Failure to properly parse ENCODE's GRCh38 reference

Question

Failure to properly parse ENCODE's GRCh38 reference

sjgosai opened this issue 3 years ago · 4 comments

Hello,

I wanted to use pyfastx for some ENCODE analysis and tried to use the Fasta class on the GRCh38 reference found here (more info here).. When I iterate through the fa object I get unexpected results (i.e. the "description" from chr1 is the header for chr2). Interestingly enough, opening the file as a Fastx object seems to work as expected. Unfortunately, I really want to use the fetch method which isn't implemented for Fastx.seq objects.
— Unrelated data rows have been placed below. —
lemma expectation_unary_unbiased:
  assumes V: "unary_unbiased n V" and X: "set_pmf X \<subseteq> bitstrings n"
  shows "measure_pmf.expectation (bind_pmf X (\<lambda>x. map_pmf (Pair x) (V x))) (\<lambda>(x, y). f x y)
    = (\<Sum>x\<in>bitstrings n. pmf X x *
        (\<Sum>s\<in>bitstrings n. pmf (V (replicate n False)) s * f x (xor_bits s x)))"
proof -
  let ?M = "bind_pmf X (\<lambda>x. map_pmf (Pair x) (V x))"
  let ?W = "V (replicate n False)"
  have "set_pmf ?M \<subseteq> bitstrings n \<times> bitstrings n"
    using X set_pmf_unary_unbiased[OF V] by (fastforce simp: bitstrings_def)
  then have "measure_pmf.expectation ?M (\<lambda>(x, y). f x y)
      = (\<Sum>p\<in>bitstrings n \<times> bitstrings n. (case p of (x, y) \<Rightarrow> f x y) * pmf ?M p)"
    by (intro integral_measure_pmf_real) auto
  also have "\<dots> = (\<Sum>(x, y)\<in>bitstrings n \<times> bitstrings n. f x y * (pmf X x * pmf (V x) y))"
    by (intro sum.cong refl) (clarsimp simp: pmf_bind_Pair)
  also have "\<dots> = (\<Sum>x\<in>bitstrings n. \<Sum>y\<in>bitstrings n. f x y * (pmf X x * pmf (V x) y))"
    by (simp only: sum.cartesian_product)
  also have "\<dots> = (\<Sum>x\<in>bitstrings n. pmf X x * (\<Sum>s\<in>bitstrings n. pmf ?W s * f x (xor_bits s x)))"
  proof (intro sum.cong refl)
    fix x assume x: "x \<in> bitstrings n"
    have V_x: "pmf (V x) y = pmf ?W (xor_bits y x)" if "y \<in> bitstrings n" for y
      by (rule unary_unbiased_pmf_xor[OF V]) (use x that in \<open>simp_all add: bitstrings_def\<close>)
    have "(\<Sum>y\<in>bitstrings n. f x y * (pmf X x * pmf (V x) y))
        = pmf X x * (\<Sum>y\<in>bitstrings n. pmf ?W (xor_bits y x) * f x (xor_bits (xor_bits y x) x))"
      unfolding sum_distrib_left
      using x by (intro sum.cong refl) (simp add: V_x bitstrings_def xor_bits_cancel)
    also have "\<dots> = pmf X x * (\<Sum>s\<in>bitstrings n. pmf ?W s * f x (xor_bits s x))"
      using x sum_bitstrings_xor[of x n "\<lambda>s. pmf ?W s * f x (xor_bits s x)"]
      by (simp add: bitstrings_def)
    finally show "(\<Sum>y\<in>bitstrings n. f x y * (pmf X x * pmf (V x) y))
        = pmf X x * (\<Sum>s\<in>bitstrings n. pmf ?W s * f x (xor_bits s x))" .
  qed
  finally show ?thesis .
qed

lemma sum_pmf_uniform_suffix_le:
  fixes X :: "bool list pmf"
  assumes X: "set_pmf X \<subseteq> bitstrings (k + t)"
    and uniform: "\<And>u v. u \<in> bitstrings k \<Longrightarrow> v \<in> bitstrings t \<Longrightarrow>
      pmf X (u @ v) = measure_pmf.prob X {x. take k x = u} / 2 ^ t"
    and bound: "\<And>x. x \<in> set_pmf X \<Longrightarrow> (\<Sum>v\<in>bitstrings t. f (take k x @ v)) \<le> 2 ^ t * B"
  shows "(\<Sum>x\<in>bitstrings (k + t). pmf X x * f x) \<le> B"
proof -
  define Q where "Q u = measure_pmf.prob X {x. take k x = u}" for u
  have split: "(\<Sum>x\<in>bitstrings (k + t). pmf X x * g x)
      = (\<Sum>u\<in>bitstrings k. Q u * ((\<Sum>v\<in>bitstrings t. g (u @ v)) / 2 ^ t))" for g
    by (simp add: sum_bitstrings_append uniform Q_def sum_distrib_left sum_divide_distrib)
  have "(\<Sum>u\<in>bitstrings k. Q u) = (\<Sum>x\<in>bitstrings (k + t). pmf X x)"
    using split[of "\<lambda>_. 1"] by (simp add: card_bitstrings)
  also have "\<dots> = 1"
    using X by (simp add: sum_pmf_eq_1)
  finally have Q_sum: "(\<Sum>u\<in>bitstrings k. Q u) = 1" .
  have "(\<Sum>x\<in>bitstrings (k + t). pmf X x * f x) \<le> (\<Sum>u\<in>bitstrings k. Q u * B)"
    unfolding split
  proof (intro sum_mono)
    fix u
    show "Q u * ((\<Sum>v\<in>bitstrings t. f (u @ v)) / 2 ^ t) \<le> Q u * B"
    proof (cases "Q u = 0")
      case False
      then obtain x where "x \<in> set_pmf X" "take k x = u"
        unfolding Q_def measure_pmf_zero_iff by blast
      then have "(\<Sum>v\<in>bitstrings t. f (u @ v)) \<le> 2 ^ t * B"
        using bound by blast
      then have "(\<Sum>v\<in>bitstrings t. f (u @ v)) / 2 ^ t \<le> B"
        by (simp add: divide_le_eq mult.commute)
      then show ?thesis
        by (intro mult_left_mono) (auto simp: Q_def)
    qed simp
  qed
  also have "\<dots> = B"
    using Q_sum by (simp add: sum_distrib_right[symmetric])
  finally show ?thesis .
qed

lemma sum_gain_block_flip_le:
  assumes "even t" "0 \<le> \<delta>" "length sv = t"
  shows "(\<Sum>v\<in>bitstrings t. gain \<delta> (replicate (2*m) True @ a # (\<not> a) # v)
      (xor_bits (block_flip m b) (replicate (2*m) True @ [a, \<not> a]) @ xor_bits sv v))
    \<le> 2 ^ t * (if b = a then \<delta> - 2 else \<delta> + 2)"
proof -
  have "(\<Sum>v\<in>bitstrings t. gain \<delta> (replicate (2*m) True @ a # (\<not> a) # v)
      (xor_bits (block_flip m b) (replicate (2*m) True @ [a, \<not> a]) @ xor_bits sv v))
    = (\<Sum>v\<in>bitstrings t. if b = a then \<delta> - 2 else \<delta> + HLB \<delta> (xor_bits v sv))"
    using assms by (intro sum.cong refl) (simp add: gain_block_flip bitstrings_def xor_bits_commute)
  also have "\<dots> \<le> 2 ^ t * (if b = a then \<delta> - 2 else \<delta> + 2)"
  proof (cases "b = a")
    case False
    have "(\<Sum>v\<in>bitstrings t. HLB \<delta> (xor_bits v sv)) \<le> 2 * 2 ^ t"
      using sum_HLB_bitstrings_le[OF assms(2,1)] by (simp add: sum_bitstrings_xor assms(3))
    with False show ?thesis
      by (simp add: sum.distrib card_bitstrings algebra_simps)
  qed (simp add: card_bitstrings)
  finally show ?thesis .
qed

lemma sum_gain_eq_sum_block_flips:
  fixes W :: "bool list pmf" and m t :: nat and a :: bool
  defines "u \<equiv> replicate (2*m) True @ [a, \<not> a]"
  assumes "even t"
  shows "(\<Sum>v\<in>bitstrings t. \<Sum>s\<in>bitstrings (2*m+2 + t). pmf W s * gain \<delta> (u @ v) (xor_bits s (u @ v)))
    = (\<Sum>b\<in>UNIV. \<Sum>sv\<in>bitstrings t. pmf W (block_flip m b @ sv) *
        (\<Sum>v\<in>bitstrings t. gain \<delta> (u @ v) (xor_bits (block_flip m b) u @ xor_bits sv v)))"
proof -
  define G where
    "G su sv = (\<Sum>v\<in>bitstrings t. gain \<delta> (u @ v) (xor_bits su u @ xor_bits sv v))" for su sv
  have length_u: "length u = 2*m+2"
    by (simp add: u_def)
  have "(\<Sum>v\<in>bitstrings t. \<Sum>s\<in>bitstrings (2*m+2 + t). pmf W s * gain \<delta> (u @ v) (xor_bits s (u @ v)))
      = (\<Sum>s\<in>bitstrings (2*m+2 + t). pmf W s * (\<Sum>v\<in>bitstrings t. gain \<delta> (u @ v) (xor_bits s (u @ v))))"
    by (subst sum.swap) (simp add: sum_distrib_left)
  also have "\<dots> = (\<Sum>su\<in>bitstrings (2*m+2). \<Sum>sv\<in>bitstrings t. pmf W (su @ sv) * G su sv)"
    unfolding sum_bitstrings_append[where j = "2*m+2" and k = t] G_def
    by (intro sum.cong refl) (simp add: xor_bits_append length_u bitstrings_def)
  also have "\<dots> = (\<Sum>su\<in>range (block_flip m). \<Sum>sv\<in>bitstrings t. pmf W (su @ sv) * G su sv)"
  proof (intro sum.mono_neutral_right ballI)
    show "range (block_flip m) \<subseteq> bitstrings (2*m+2)"
      by (auto simp: bitstrings_def block_flip_def)
    fix su assume su: "su \<in> bitstrings (2*m+2) - range (block_flip m)"
    have "G su sv = 0" if "sv \<in> bitstrings t" for sv
      unfolding G_def u_def
      by (intro sum.neutral ballI)
         (use su that assms(2) in \<open>simp add: bitstrings_def gain_eq_0_unless_block_flip\<close>)
    then show "(\<Sum>sv\<in>bitstrings t. pmf W (su @ sv) * G su sv) = 0"
      by simp
  qed simp
  also have "\<dots> = (\<Sum>b\<in>UNIV. \<Sum>sv\<in>bitstrings t. pmf W (block_flip m b @ sv) * G (block_flip m b) sv)"
    by (subst sum.reindex) (auto simp: inj_def block_flip_def)
  finally show ?thesis
    by (simp only: G_def)
qed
To troubleshoot I went ahead and tested the hg38.fa.gz fasta from UCSC found here. Unfortunately, I'm getting odd results with this file too. For example many of the description fields are short nucleotide sequences (i.e. for chr10 i get "CGGGC").

The description field errors may not have been an issue, except when you hit the end of the Fasta file you get a UnicodeDecodeError when the description field is called.

I am using version 0.8.4.

Here is a Google Colab notebook replicating the issue.

Answer 1 · 2022-01-21T13:21:43.000Z

Have you install pyfastx by pip?

Answer 2 · 2022-01-21T19:27:14.000Z

Yes. The first step is to install from PIP.

After that, I've fully reproduced the issue in the Colab notebook linked here. The notebook stands alone. It installs pyfastx and downloads the relevant data from ENCODE or UCSC. The notebook is roughly annotated, hopefully helping clarify the issue.

Answer 3 · 2023-01-01T14:05:16.000Z

We have fixed this issue in new versions >= 0.9.0

Answer 4 · 2023-01-01T14:05:24.000Z

We have fixed this issue in new versions >= 0.9.0